Most importantly, a novel renal staging system was formulated by incorporating AS and eGFR. These two indicators used have been recognized by international peers. The eGFR was calculated according to the Chronic Kidney Disease Epidemiology Collaboration equation, which was recommended in the KDIGO 2024 Clinical Practice Guideline for the Evaluation and Management of Chronic Kidney Disease [22]. As a pathological assessment tool for AL amyloidosis patients with renal involvement, AS has also been validated [11]. Therefore, we think our conclusions could be extrapolated to diverse ethnic or geographic groups. Compared with previous renal staging system based on 24UTP [12, 13], the staging system proposed by our study may prevent staging inaccuracies caused by fluctuations in 24UTP due to different test methods. By comparing C-index and DCA of our staging system and previous systems, our renal staging system proved its better performance in predicting the occurrence of ESRD or progression in renal function, helping clinical doctors make early medical decisions and taking intervention measures in advance.

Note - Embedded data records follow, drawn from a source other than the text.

lemma esubdiff_conj_fun_eq:
  fixes Psi :: "'a::euclidean_space \<Rightarrow> ereal"
  assumes cl: "closed_fun Psi" and pr: "proper_fun Psi" and cv: "convex_efun Psi"
    and s: "s \<in> esubdiff (conj_fun Psi) u"
  shows "conj_fun Psi u = ereal (u \<bullet> s) - Psi s"
proof -
  obtain c where c: "conj_fun Psi u = ereal c"
    using s unfolding esubdiff_def by (cases "conj_fun Psi u") auto
  have sub: "ereal (c + s \<bullet> (w - u)) \<le> conj_fun Psi w" for w
    using s c unfolding esubdiff_def by auto
  have FY: "u \<bullet> y - r \<le> c" if "Psi y = ereal r" for y r
    using conj_fun_ge[of u y Psi] c that by simp
  have "Psi s \<le> ereal (u \<bullet> s - c)"
  proof (rule ccontr)
    assume "\<not> Psi s \<le> ereal (u \<bullet> s - c)"
    then obtain v \<beta> b where sep: "v \<bullet> s + \<beta> * (u \<bullet> s - c) < b" and \<beta>: "\<beta> \<ge> 0"
      and epi: "\<And>y t. Psi y \<le> ereal t \<Longrightarrow> b < v \<bullet> y + \<beta> * t"
      using epigraph_separation[OF cl pr cv] by metis
    \<comment> \<open>tilting \<open>u\<close> towards the separating functional lowers the conjugate too fast\<close>
    define w where "w = (1 / (1 + \<beta>)) *\<^sub>R (u - v)"
    have w: "(1 + \<beta>) * (w \<bullet> z) = u \<bullet> z - v \<bullet> z" for z
      using \<beta> by (simp add: w_def inner_diff_left)
    have "conj_fun Psi w \<le> ereal ((c - b) / (1 + \<beta>))"
      unfolding conj_fun_def
    proof (rule SUP_least)
      fix y
      show "ereal (w \<bullet> y) - Psi y \<le> ereal ((c - b) / (1 + \<beta>))"
      proof (cases "Psi y")
        case (real r)
        have "b < v \<bullet> y + \<beta> * r" using epi[of y r] real by simp
        moreover have "(1 + \<beta>) * (w \<bullet> y - r) = (u \<bullet> y - r) - (v \<bullet> y + \<beta> * r)"
          by (simp only: right_diff_distrib w) (simp add: distrib_right)
        ultimately have "(1 + \<beta>) * (w \<bullet> y - r) \<le> c - b"
          using FY[OF real] by linarith
        then show ?thesis using real \<beta> by (simp add: pos_le_divide_eq mult.commute)
      qed (use pr in \<open>auto simp: proper_fun_def\<close>)
    qed
    with sub[of w] have "c + s \<bullet> (w - u) \<le> (c - b) / (1 + \<beta>)"
      by (meson ereal_less_eq(3) order_trans)
    then have "(1 + \<beta>) * (c + s \<bullet> (w - u)) \<le> c - b"
      using \<beta> by (simp add: pos_le_divide_eq mult.commute)
    moreover have "(1 + \<beta>) * (c + s \<bullet> (w - u)) = (1 + \<beta>) * c + (u \<bullet> s - v \<bullet> s) - (1 + \<beta>) * (u \<bullet> s)"
      by (simp only: inner_diff_right distrib_left right_diff_distrib inner_commute[of s] w)
    ultimately show False
      using sep by (simp add: algebra_simps)
  qed
  then obtain ps where ps: "Psi s = ereal ps" "ps \<le> u \<bullet> s - c"
    using pr unfolding proper_fun_def by (cases "Psi s") auto
  then show ?thesis using FY[OF ps(1)] c by simp
qed

lemma esubdiff_conj_fun_edom:
  fixes Psi :: "'a::euclidean_space \<Rightarrow> ereal"
  assumes "closed_fun Psi" "proper_fun Psi" "convex_efun Psi" and s: "s \<in> esubdiff (conj_fun Psi) u"
  shows "s \<in> edom Psi"
  using esubdiff_conj_fun_eq[OF assms] s unfolding esubdiff_def edom_def by auto

lemma esubdiff_conj_fun_argmin:
  fixes Psi :: "'a::euclidean_space \<Rightarrow> ereal"
  assumes "closed_fun Psi" "proper_fun Psi" "convex_efun Psi" and s: "s \<in> esubdiff (conj_fun Psi) u"
  shows "s \<in> argmin_lin (- u) Psi"
  unfolding argmin_lin_def
proof (intro CollectI allI)
  fix t
  obtain ps where ps: "Psi s = ereal ps"
    using edom_finite[OF assms(2) esubdiff_conj_fun_edom[OF assms]] .
  have FY: "ereal (u \<bullet> t) - Psi t \<le> ereal (u \<bullet> s - ps)"
    using conj_fun_ge[of u t Psi] esubdiff_conj_fun_eq[OF assms] ps by simp
  show "ereal (- u \<bullet> s) + Psi s \<le> ereal (- u \<bullet> t) + Psi t"
    using FY ps assms(2) unfolding proper_fun_def by (cases "Psi t") auto
qed

lemma has_grad_finite: "has_grad f g x \<Longrightarrow> \<bar>f x\<bar> \<noteq> \<infinity>"
  unfolding has_grad_def by (metis centre_in_ball)

lemma has_grad_line_derivative:
  assumes "has_grad f g x"
  shows "((\<lambda>\<theta>. real_of_ereal (f (x + \<theta> *\<^sub>R d))) has_real_derivative (g \<bullet> d)) (at 0)"
proof -
  have line: "((\<lambda>\<theta>::real. x + \<theta> *\<^sub>R d) has_derivative (\<lambda>h. h *\<^sub>R d)) (at 0)"
    by (auto intro!: derivative_eq_intros)
  have "((\<lambda>y. real_of_ereal (f y)) has_derivative (\<lambda>h. g \<bullet> h)) (at ((\<lambda>\<theta>. x + \<theta> *\<^sub>R d) 0))"
    using assms unfolding has_grad_def by simp
  from diff_chain_at[OF line this]
  have "((\<lambda>\<theta>. real_of_ereal (f (x + \<theta> *\<^sub>R d))) has_derivative (\<lambda>h. g \<bullet> (h *\<^sub>R d))) (at 0)"
    by (simp add: o_def)
  then show ?thesis unfolding has_field_derivative_def by (simp add: mult.commute[of _ "g \<bullet> d"])
qed

lemma has_real_derivative_le_slope_limit:
  fixes F K :: "real \<Rightarrow> real"
  assumes F: "(F has_real_derivative D) (at 0)" and K: "(K \<longlongrightarrow> l) (at_right 0)"
    and slope: "\<And>\<theta>. 0 < \<theta> \<Longrightarrow> \<theta> < 1 \<Longrightarrow> F \<theta> - F 0 \<le> \<theta> * K \<theta>"
  shows "D \<le> l"
proof (rule tendsto_le[OF _ K])
  show "((\<lambda>\<theta>. (F \<theta> - F 0) / \<theta>) \<longlongrightarrow> D) (at_right 0)"
    using has_field_derivative_at_within[OF F, of "{0<..}"] unfolding has_field_derivative_iff by simp
  show "eventually (\<lambda>\<theta>. (F \<theta> - F 0) / \<theta> \<le> K \<theta>) (at_right 0)"
    by (rule eventually_at_rightI[of 0 1]) (auto simp: divide_le_eq mult.commute intro: slope)
qed simp

lemma has_real_derivative_ge_slope_limit:
  fixes F K :: "real \<Rightarrow> real"
  assumes F: "(F has_real_derivative D) (at 0)" and K: "(K \<longlongrightarrow> l) (at_right 0)"
    and slope: "\<And>\<theta>. 0 < \<theta> \<Longrightarrow> \<theta> < 1 \<Longrightarrow> \<theta> * K \<theta> \<le> F \<theta> - F 0"
  shows "l \<le> D"
proof -
  have "- D \<le> - l"
    by (rule has_real_derivative_le_slope_limit[OF DERIV_minus[OF F] tendsto_minus[OF K]])
       (use slope in fastforce)
  then show ?thesis by simp
qed

lemma convex_efun_gradient_ineq:
  assumes pr: "proper_fun f" and cv: "convex_efun f" and g: "has_grad f g x"
  shows "f x + ereal (g \<bullet> (y - x)) \<le> f y"
proof (cases "f y")
  case (real fy)
  obtain fx where fx: "f x = ereal fx" using has_grad_finite[OF g] by (cases "f x") auto
  define F where "F = (\<lambda>\<theta>. real_of_ereal (f (x + \<theta> *\<^sub>R (y - x))))"
  have "g \<bullet> (y - x) \<le> fy - fx"
  proof (rule has_real_derivative_le_slope_limit[OF has_grad_line_derivative[OF g, of "y - x", folded F_def]])
    fix \<theta> :: real assume \<theta>: "0 < \<theta>" "\<theta> < 1"
    have "f (x + \<theta> *\<^sub>R (y - x)) \<le> ereal (1 - \<theta>) * f x + ereal \<theta> * f y"
      using cv \<theta> unfolding convex_efun_def by simp
    then have "f (x + \<theta> *\<^sub>R (y - x)) \<le> ereal ((1 - \<theta>) * fx + \<theta> * fy)"
      using fx real by simp
    moreover have "f (x + \<theta> *\<^sub>R (y - x)) \<noteq> -\<infinity>" using pr unfolding proper_fun_def by simp
    ultimately have "F \<theta> \<le> (1 - \<theta>) * fx + \<theta> * fy"
      unfolding F_def by (cases "f (x + \<theta> *\<^sub>R (y - x))") auto
    then show "F \<theta> - F 0 \<le> \<theta> * (fy - fx)" using fx by (simp add: F_def algebra_simps)
  qed simp
  then show ?thesis using fx real by simp
qed (use pr has_grad_finite[OF g] in \<open>auto simp: proper_fun_def\<close>)

lemma conj_fun_at_gradient:
  assumes pr: "proper_fun f" and cv: "convex_efun f" and g: "has_grad f g x"
  shows "conj_fun f g = ereal (g \<bullet> x) - f x"
proof (rule antisym)
  obtain fx where fx: "f x = ereal fx" using has_grad_finite[OF g] by (cases "f x") auto
  show "conj_fun f g \<le> ereal (g \<bullet> x) - f x"
    unfolding conj_fun_def
  proof (rule SUP_least)
    fix y
    have "f x + ereal (g \<bullet> (y - x)) \<le> f y" by (rule convex_efun_gradient_ineq[OF pr cv g])
    then show "ereal (g \<bullet> y) - f y \<le> ereal (g \<bullet> x) - f x"
      using fx pr unfolding proper_fun_def by (cases "f y") (auto simp: inner_diff_right)
  qed
qed (rule conj_fun_ge)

Besides, the threshold of eGFR in our staging system was consistent with the current criteria for the evaluation of chronic kidney disease, which further enhanced the clinical practice of our staging system.

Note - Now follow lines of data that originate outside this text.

(* Let $G=(V,E,w)$ be a strongly connected graph on $n$ nodes with symmetric weights, and let $\pi_i$, $p_{ij}$ and $\psi_{ij}$ be as defined in the context (none of which depend on $S$). Define $h(j)=\sum_{i,l\in V}\pi_i\,p_{ij}\,p_{jl}\,\psi_{il}$ for $j\in V$. Then for every $S\subseteq V$, $\operatorname{fp}'(G^S,0)=\frac1n\sum_{j\in S}h(j)$. In particular, for each $k$, any set consisting of $k$ nodes with the largest values of $h$ maximizes $\operatorname{fp}'(G^S,0)$ over all $S\subseteq V$ with $|S|=k$.
   Context: Positional Voter model. A graph $G=(V,E,w)$ has node set $V$ with $|V|=n$, edge set $E\subseteq V\times V$ and weights $w\colon E\to\mathbb{R}_{>0}$; $\operatorname{in}(u)=\{v\in V:(v,u)\in E\}$; symmetric weights means $(i,j)\in E\iff(j,i)\in E$ and $w(i,j)=w(j,i)$. A configuration is a set $X\subseteq V$ (the nodes carrying the novel trait $A$). Given a biased set $S\subseteq V$ and bias $\delta\ge 0$, define $f^S_X(v\mid u)=1+\delta$ if $v\in X$ and $u\in S$, and $1$ otherwise. The process $(\mathcal{X}_t)_{t\ge0}$: given $\mathcal{X}_t=X$, a node $u$ is chosen uniformly at random from $V$, then $v\in\operatorname{in}(u)$ is chosen with probability $\frac{f^S_X(v\mid u)\,w(v,u)}{\sum_{x\in\operatorname{in}(u)} f^S_X(x\mid u)\,w(x,u)}$, and $\mathcal{X}_{t+1}=X\cup\{u\}$ if $v\in X$, $\mathcal{X}_{t+1}=X\setminus\{u\}$ otherwise. Define $\operatorname{fp}(G^S,\delta,X)=\mathbb{P}[\exists t\ge0:\mathcal{X}_t=V\mid\mathcal{X}_0=X]$, $\operatorname{fp}(G^S,\delta)=\frac1n\sum_{u\in V}\operatorname{fp}(G^S,\delta,\{u\})$, and $\operatorname{fp}'(G^S,0)=\frac{d}{d\delta}\big|_{\delta=0}\operatorname{fp}(G^S,\delta)$. Write $w(i,j)=0$ if $(i,j)\notin E$ and $p_{ij}=\frac{w(i,j)}{\sum_{l\in V}w(i,l)}$. Let $\pi_i=\operatorname{fp}(G^S,0,\{i\})$ (the unbiased fixation probability from $\{i\}$, independent of $S$ since $\delta=0$), and let $(\psi_{ij})_{i,j\in V}$ be the solution of $\psi_{ii}=0$ and $\psi_{ij}=\frac{1+\sum_{l\in V}(p_{il}\psi_{lj}+p_{jl}\psi_{il})}{2}$ for $i\ne j$. *)

theory Defs
  imports "HOL-Analysis.Analysis"
begin

definition w0 :: "('v \<times> 'v) set \<Rightarrow> ('v \<Rightarrow> 'v \<Rightarrow> real) \<Rightarrow> 'v \<Rightarrow> 'v \<Rightarrow> real" where
  "w0 E w i j = (if (i, j) \<in> E then w i j else 0)"

definition in_nbrs :: "'v set \<Rightarrow> ('v \<times> 'v) set \<Rightarrow> 'v \<Rightarrow> 'v set" where
  "in_nbrs V E u = {v \<in> V. (v, u) \<in> E}"

definition wgraph :: "'v set \<Rightarrow> ('v \<times> 'v) set \<Rightarrow> ('v \<Rightarrow> 'v \<Rightarrow> real) \<Rightarrow> bool" where
  "wgraph V E w \<longleftrightarrow> finite V \<and> V \<noteq> {} \<and> E \<subseteq> V \<times> V \<and> (\<forall>e\<in>E. w (fst e) (snd e) > 0)"

definition strongly_connected :: "'v set \<Rightarrow> ('v \<times> 'v) set \<Rightarrow> bool" where
  "strongly_connected V E \<longleftrightarrow> (\<forall>u\<in>V. \<forall>v\<in>V. (u, v) \<in> E\<^sup>*)"

definition symmetric_weights :: "('v \<times> 'v) set \<Rightarrow> ('v \<Rightarrow> 'v \<Rightarrow> real) \<Rightarrow> bool" where
  "symmetric_weights E w \<longleftrightarrow> (\<forall>i j. (i, j) \<in> E \<longleftrightarrow> (j, i) \<in> E) \<and> (\<forall>i j. (i, j) \<in> E \<longrightarrow> w i j = w j i)"

definition fbias :: "'v set \<Rightarrow> real \<Rightarrow> 'v set \<Rightarrow> 'v \<Rightarrow> 'v \<Rightarrow> real" where
  "fbias S \<delta> X v u = (if v \<in> X \<and> u \<in> S then 1 + \<delta> else 1)"

definition choice_prob :: "'v set \<Rightarrow> ('v \<times> 'v) set \<Rightarrow> ('v \<Rightarrow> 'v \<Rightarrow> real) \<Rightarrow> 'v set \<Rightarrow> real
    \<Rightarrow> 'v set \<Rightarrow> 'v \<Rightarrow> 'v \<Rightarrow> real" where
  "choice_prob V E w S \<delta> X u v =
     fbias S \<delta> X v u * w v u / (\<Sum>x\<in>in_nbrs V E u. fbias S \<delta> X x u * w x u)"

definition next_config :: "'v set \<Rightarrow> 'v \<Rightarrow> 'v \<Rightarrow> 'v set" where
  "next_config X u v = (if v \<in> X then insert u X else X - {u})"

text \<open>hit_prob t X = P[exists s \<le> t. X_s = V | X_0 = X], by first-step analysis.\<close>
fun hit_prob :: "'v set \<Rightarrow> ('v \<times> 'v) set \<Rightarrow> ('v \<Rightarrow> 'v \<Rightarrow> real) \<Rightarrow> 'v set \<Rightarrow> real
    \<Rightarrow> nat \<Rightarrow> 'v set \<Rightarrow> real" where
  "hit_prob V E w S \<delta> 0 X = (if X = V then 1 else 0)"
| "hit_prob V E w S \<delta> (Suc t) X = (if X = V then 1 else
     (\<Sum>u\<in>V. \<Sum>v\<in>in_nbrs V E u. (1 / real (card V)) * choice_prob V E w S \<delta> X u v
        * hit_prob V E w S \<delta> t (next_config X u v)))"

text \<open>fp(G^S, delta, X) = P[exists t. X_t = V | X_0 = X] = lim_t P[exists s \<le> t. X_s = V].\<close>
definition fp_from :: "'v set \<Rightarrow> ('v \<times> 'v) set \<Rightarrow> ('v \<Rightarrow> 'v \<Rightarrow> real) \<Rightarrow> 'v set \<Rightarrow> real
    \<Rightarrow> 'v set \<Rightarrow> real" where
  "fp_from V E w S \<delta> X = lim (\<lambda>t. hit_prob V E w S \<delta> t X)"

definition fp :: "'v set \<Rightarrow> ('v \<times> 'v) set \<Rightarrow> ('v \<Rightarrow> 'v \<Rightarrow> real) \<Rightarrow> 'v set \<Rightarrow> real \<Rightarrow> real" where
  "fp V E w S \<delta> = (1 / real (card V)) * (\<Sum>u\<in>V. fp_from V E w S \<delta> {u})"

definition fp_deriv0 :: "'v set \<Rightarrow> ('v \<times> 'v) set \<Rightarrow> ('v \<Rightarrow> 'v \<Rightarrow> real) \<Rightarrow> 'v set \<Rightarrow> real" where
  "fp_deriv0 V E w S = (THE D. ((\<lambda>\<delta>. fp V E w S \<delta>) has_real_derivative D) (at 0 within {0..}))"

definition pmat :: "'v set \<Rightarrow> ('v \<times> 'v) set \<Rightarrow> ('v \<Rightarrow> 'v \<Rightarrow> real) \<Rightarrow> 'v \<Rightarrow> 'v \<Rightarrow> real" where
  "pmat V E w i j = w0 E w i j / (\<Sum>l\<in>V. w0 E w i l)"

text \<open>pi_i: unbiased fixation probability from {i} (delta = 0, so S is irrelevant).\<close>
definition piv :: "'v set \<Rightarrow> ('v \<times> 'v) set \<Rightarrow> ('v \<Rightarrow> 'v \<Rightarrow> real) \<Rightarrow> 'v \<Rightarrow> real" where
  "piv V E w i = fp_from V E w {} 0 {i}"

definition psi :: "'v set \<Rightarrow> ('v \<times> 'v) set \<Rightarrow> ('v \<Rightarrow> 'v \<Rightarrow> real) \<Rightarrow> 'v \<Rightarrow> 'v \<Rightarrow> real" where
  "psi V E w = (THE \<psi>. (\<forall>i j. (i \<notin> V \<or> j \<notin> V) \<longrightarrow> \<psi> i j = 0)
      \<and> (\<forall>i\<in>V. \<psi> i i = 0)
      \<and> (\<forall>i\<in>V. \<forall>j\<in>V. i \<noteq> j \<longrightarrow>
           \<psi> i j = (1 + (\<Sum>l\<in>V. pmat V E w i l * \<psi> l j + pmat V E w j l * \<psi> i l)) / 2))"

definition hfun :: "'v set \<Rightarrow> ('v \<times> 'v) set \<Rightarrow> ('v \<Rightarrow> 'v \<Rightarrow> real) \<Rightarrow> 'v \<Rightarrow> real" where
  "hfun V E w j = (\<Sum>i\<in>V. \<Sum>l\<in>V. piv V E w i * pmat V E w i j * pmat V E w j l * psi V E w i l)"

end

theory Submission
  imports Defs
begin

Hematological VGPR or better has long been the therapeutic goal for patients with AL amyloidosis, but its applicability to patients with specific organ involvement has been challenged. In our cohort, hematologic VGPR or better and RR even to simultaneous RR and hematologic VGPR or better were not identified as significant factors in preventing adverse kidney events in renal AL amyloidosis patients, which underscored the damage due to amyloid deposition and scarring injury may be hard to reverse by current therapy. Nevertheless, there is currently no recommended regimen for AL patients with renal involvement. This phenomenon could potentially be attributed to the pre-existing multi-organ involvement in the majority of patients upon diagnosis. Furthermore, the organ response exhibits a considerably slower pace compared to the hematologic response, thereby prompting previous studies to refrain from designating it as the primary observation endpoint. While it is true that a more favorable hematologic response is associated with a more profound organ response [23, 24], it is imperative to acknowledge the existence of a subgroup of patients who do not derive any advantages from such hematologic response [7, 8, 25, 26]. Furthermore, renal pathology changes may persist despite hematologic improvement [9, 25, 26], implying ongoing renal damage. Consequently, it is imperative to promptly verify the effectiveness of novel therapies aimed at eliminating amyloid deposits in affected organs, such as CAEL-101 or NEOD001 [27, 28].

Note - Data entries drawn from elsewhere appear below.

(* Let $\varphi$ be a skew-morphism of a finite group $A$ of order $n$ with power function $\pi:A\to\mathbb{Z}_n$, and let $\bar\varphi$ be the induced skew-morphism of $\bar A=A/\mathrm{Core}\,\varphi$. For any $x\in A$ the following are equivalent: (i) $x\in\mathrm{Smooth}\,\varphi$; (ii) $\pi(\varphi^i(x))=\pi(x)$ for all nonnegative integers $i$; (iii) $\bar x=x\,\mathrm{Core}\,\varphi\in\mathrm{Fix}\,\bar\varphi$.
   Context: A skew-morphism of a finite group $A$ is a permutation $\varphi$ of the set $A$ with $\varphi(1)=1$ for which there exists a function $\pi:A\to\mathbb{Z}_n$, where $n$ is the order of $\varphi$ as a permutation, such that $\varphi(xy)=\varphi(x)\varphi^{\pi(x)}(y)$ for all $x,y\in A$; $\pi$ is the power function. The kernel is $\mathrm{Ker}\,\varphi=\{x\in A:\pi(x)=1\}$ (a subgroup of $A$), and the core is $\mathrm{Core}\,\varphi=\bigcap_{i=1}^n\varphi^i(\mathrm{Ker}\,\varphi)$, a $\varphi$-invariant normal subgroup of $A$ contained in $\mathrm{Ker}\,\varphi$. For a $\varphi$-invariant normal subgroup $N$ of $A$, the induced skew-morphism $\bar\varphi$ of $A/N$ is $\bar\varphi(xN)=\varphi(x)N$, with power function $\bar\pi(xN)\equiv\pi(x)\pmod{|\bar\varphi|}$. $\mathrm{Fix}\,\psi$ denotes the set of fixed points of a permutation $\psi$. $\mathrm{Smooth}\,\varphi=\{x\in A:\varphi(x)\in x\,\mathrm{Core}\,\varphi\}$. *)

theory Defs
  imports "HOL-Algebra.Algebra"
begin

definition perm_order :: "('a, 'b) monoid_scheme \<Rightarrow> ('a \<Rightarrow> 'a) \<Rightarrow> nat" where
  "perm_order G \<phi> = (LEAST n. 0 < n \<and> (\<forall>x\<in>carrier G. (\<phi> ^^ n) x = x))"

text \<open>Skew-morphism with power function pi; Z_n is represented by residues {0..<n}.\<close>
definition skew_morphism :: "('a, 'b) monoid_scheme \<Rightarrow> ('a \<Rightarrow> 'a) \<Rightarrow> ('a \<Rightarrow> nat) \<Rightarrow> bool" where
  "skew_morphism G \<phi> \<pi> \<longleftrightarrow>
     bij_betw \<phi> (carrier G) (carrier G) \<and> \<phi> \<one>\<^bsub>G\<^esub> = \<one>\<^bsub>G\<^esub> \<and>
     (\<forall>x\<in>carrier G. \<pi> x < perm_order G \<phi>) \<and>
     (\<forall>x\<in>carrier G. \<forall>y\<in>carrier G. \<phi> (x \<otimes>\<^bsub>G\<^esub> y) = \<phi> x \<otimes>\<^bsub>G\<^esub> (\<phi> ^^ \<pi> x) y)"

definition skew_kernel :: "('a, 'b) monoid_scheme \<Rightarrow> ('a \<Rightarrow> 'a) \<Rightarrow> ('a \<Rightarrow> nat) \<Rightarrow> 'a set" where
  "skew_kernel G \<phi> \<pi> = {x \<in> carrier G. \<pi> x = 1 mod perm_order G \<phi>}"

definition skew_core :: "('a, 'b) monoid_scheme \<Rightarrow> ('a \<Rightarrow> 'a) \<Rightarrow> ('a \<Rightarrow> nat) \<Rightarrow> 'a set" where
  "skew_core G \<phi> \<pi> = (\<Inter>i\<in>{1..perm_order G \<phi>}. (\<phi> ^^ i) ` skew_kernel G \<phi> \<pi>)"

definition skew_smooth :: "('a, 'b) monoid_scheme \<Rightarrow> ('a \<Rightarrow> 'a) \<Rightarrow> ('a \<Rightarrow> nat) \<Rightarrow> 'a set" where
  "skew_smooth G \<phi> \<pi> = {x \<in> carrier G. \<phi> x \<in> x <#\<^bsub>G\<^esub> skew_core G \<phi> \<pi>}"

definition induced_skew :: "('a, 'b) monoid_scheme \<Rightarrow> ('a \<Rightarrow> 'a) \<Rightarrow> 'a set \<Rightarrow> 'a set \<Rightarrow> 'a set" where
  "induced_skew G \<phi> N = (\<lambda>C. \<phi> (SOME x. x \<in> C) <#\<^bsub>G\<^esub> N)"

definition Fix :: "('c \<Rightarrow> 'c) \<Rightarrow> 'c set" where
  "Fix \<psi> = {z. \<psi> z = z}"

end

theory Submission
  imports Defs
begin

Meanwhile, our study also has some limitations. At first, due to the biases of single center retrospective studies and rarity of renal AL amyloidosis, the number of patients included in our study was relatively modest with no external validation. However, the reliability of our study was ensured by regular follow-up, strict data management, and internal cross-validation. In addition, as we mentioned above, our cohort had a relatively low degree of renal burden and the threshold for pathology score was derived to be lower than that of other studies. To obtain the most accurate threshold, a prospective study with a large cohort of patients from multi-center was taken into the agenda. Eventually, our study shifted its focus towards ESRD or renal progression, rather than solely on the occurrence of ESRD. As a result, our staging system may exhibit limited predictive performance compared to the previous staging system in forecasting ESRD.

Conclusion

Our study identified risk factors from renal pathological characteristics, baseline clinical indicators, and early treatment responses for the occurrence of adverse kidney events in renal AL amyloidosis patients. Specifically, we found that only AS and eGFR were independent risk factors. Furthermore, a novel renal staging system based on AS and eGFR was formulated, which may provide prognostic guidance for these patients.